lemma has_sum_column_weight:
  fixes a b g d y :: "'a::{real_normed_field, banach}"
  assumes norms: "norm a < 1" "norm b < 1" "norm g < 1" "norm d < 1" "norm y < 1"
    and "y \<noteq> 0" "y \<noteq> g" "y \<noteq> b" "g \<noteq> b" "B < T"
  shows "(column_weight a b g d y B T has_sum
           recursion_rhs a b g d y (y ^ nat (T - B)) (b ^ nat (T - B)) (g ^ nat (T - B)))
         (admissible_columns B T)"
proof (rule has_sum_column_weight_shift)
  define h where "h = nat (T - B)"
  have h: "1 \<le> h" "T - B = int h"
    using \<open>B < T\<close> by (auto simp: h_def)
  have "a * y \<noteq> 1" "d * y \<noteq> 1"
    using norm_mult_less_one[of a y] norm_mult_less_one[of d y] norms by auto
  define A where "A = d * y / (1 - d * y) + y / (y - g)"
  define C where "C = - y / (y - g)"
  define L where "L k = A * y ^ k + C * g ^ k" for k
  have lower: "((\<lambda>u::int. g ^ nat u * d ^ nat (- u) * y ^ nat (int k - u)) has_sum L k) {..<int k}" for k
    unfolding L_def A_def C_def
    by (rule has_sum_lower_column) (use norms norm_mult_less_one[of d y] \<open>y \<noteq> g\<close> in auto)
  have high: "(column_weight a b g d y 0 (int h) has_sum L h / (1 - a * y)) ({..<int h} \<times> {int h..})"
    by (rule has_sum_column_weight_top_above[OF norms lower])
  have low: "(column_weight a b g d y 0 (int h) has_sum (\<Sum>k\<in>{1..<h}. b ^ (h - k) * L k))
               {(u, w). 0 < w \<and> w < int h \<and> u < w}"
    by (rule has_sum_column_weight_top_below[OF norms lower])
  have geometric: "(\<Sum>k\<in>{1..<h}. b ^ (h - k) * x ^ k) = (b * x ^ h - x * b ^ h) / (x - b)"
    if "x \<noteq> b" for x
    using sum_power_mult_power_atLeastLessThan[OF h(1), of x b] that by (simp add: eq_divide_eq mult.commute)
  have "(\<Sum>k\<in>{1..<h}. b ^ (h - k) * L k)
      = A * (\<Sum>k\<in>{1..<h}. b ^ (h - k) * y ^ k) + C * (\<Sum>k\<in>{1..<h}. b ^ (h - k) * g ^ k)"
    by (simp add: L_def distrib_left sum.distrib sum_distrib_left mult.left_commute)
  also have "\<dots> = A * ((b * y ^ h - y * b ^ h) / (y - b)) + C * ((b * g ^ h - g * b ^ h) / (g - b))"
    by (simp only: geometric[OF \<open>y \<noteq> b\<close>] geometric[OF \<open>g \<noteq> b\<close>])
  finally have low_value: "(\<Sum>k\<in>{1..<h}. b ^ (h - k) * L k)
      = A * ((b * y ^ h - y * b ^ h) / (y - b)) + C * ((b * g ^ h - g * b ^ h) / (g - b))" .
  have split: "admissible_columns 0 (int h)
      = {..<int h} \<times> {int h..} \<union> {(u, w). 0 < w \<and> w < int h \<and> u < w}"
    using h(1) by (auto simp: admissible_columns_def)
  have "(column_weight a b g d y 0 (int h) has_sum L h / (1 - a * y) + (\<Sum>k\<in>{1..<h}. b ^ (h - k) * L k))
      (admissible_columns 0 (int h))"
    unfolding split by (rule has_sum_Un_disjoint[OF high low]) auto
  also have "L h / (1 - a * y) + (\<Sum>k\<in>{1..<h}. b ^ (h - k) * L k) = recursion_rhs a b g d y (y ^ h) (b ^ h) (g ^ h)"
    unfolding low_value
    unfolding L_def A_def C_def add.assoc[symmetric]
    by (rule recursion_rhs_partial_fractions) (use assms \<open>a * y \<noteq> 1\<close> \<open>d * y \<noteq> 1\<close> in auto)
  finally show "(column_weight a b g d y 0 (T - B) has_sum
      recursion_rhs a b g d y (y ^ nat (T - B)) (b ^ nat (T - B)) (g ^ nat (T - B))) (admissible_columns 0 (T - B))"
    by (simp only: h(2) nat_int)
qed

section \<open>Polygon weights\<close>

(* ccweight over an arbitrary commutative ring, so that it can also be evaluated at the norms of
   the variables. *)
definition polygon_weight ::
  "nat \<Rightarrow> (nat \<Rightarrow> 'a::comm_ring_1) \<Rightarrow> (nat \<Rightarrow> 'a) \<Rightarrow> (nat \<Rightarrow> 'a) \<Rightarrow> (nat \<Rightarrow> 'a) \<Rightarrow> ccpoly \<Rightarrow> 'a" where
  "polygon_weight m yt zt yb zb P =
     (\<Prod>i\<in>{0..m}. yt i ^ Ntop m P i * zt i ^ Stop m P i * yb i ^ Nbot m P i * zb i ^ Sbot m P i)"

definition prefix_weight ::
  "nat \<Rightarrow> (nat \<Rightarrow> 'a::comm_ring_1) \<Rightarrow> (nat \<Rightarrow> 'a) \<Rightarrow> (nat \<Rightarrow> 'a) \<Rightarrow> (nat \<Rightarrow> 'a) \<Rightarrow> ccpoly \<Rightarrow> 'a" where
  "prefix_weight m yt zt yb zb P =
     (\<Prod>i<m. yt i ^ Ntop m P i * zt i ^ Stop m P i * yb i ^ Nbot m P i * zb i ^ Sbot m P i)"

lemma Vgf_eq_infsum_polygon_weight: "Vgf m yt zt yb zb = infsum (polygon_weight m yt zt yb zb) (ccp m)"
  unfolding Vgf_def ccweight_def[abs_def] polygon_weight_def ..

lemma polygon_weight_fun_upd:
  assumes "1 \<le> m"
  shows "polygon_weight m yt zt (yb(m := s)) zb P = prefix_weight m yt zt yb zb P * s ^ nat (snd P m - fst P m)"
proof -
  have "{0..m} = insert m {..<m}"
    by auto
  moreover have "Ntop m P m = 0" "Stop m P m = 0" "Sbot m P m = 0" "Nbot m P m = nat (snd P m - fst P m)"
    using assms by (auto simp: Ntop_def Stop_def Sbot_def Nbot_def Let_def)
  moreover have "prefix_weight m yt zt (yb(m := s)) zb P = prefix_weight m yt zt yb zb P"
    unfolding prefix_weight_def by (intro prod.cong) auto
  ultimately show ?thesis
    by (simp add: polygon_weight_def prefix_weight_def mult.commute)
qed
==*==
DIRECTIONS: From the listing above, return every line that contains the word "close".

EXERCISE RESPONSE:
    using \<open>B < T\<close> by (auto simp: h_def)
    by (rule has_sum_lower_column) (use norms norm_mult_less_one[of d y] \<open>y \<noteq> g\<close> in auto)
    by (simp only: geometric[OF \<open>y \<noteq> b\<close>] geometric[OF \<open>g \<noteq> b\<close>])
    by (rule recursion_rhs_partial_fractions) (use assms \<open>a * y \<noteq> 1\<close> \<open>d * y \<noteq> 1\<close> in auto)
section \<open>Polygon weights\<close>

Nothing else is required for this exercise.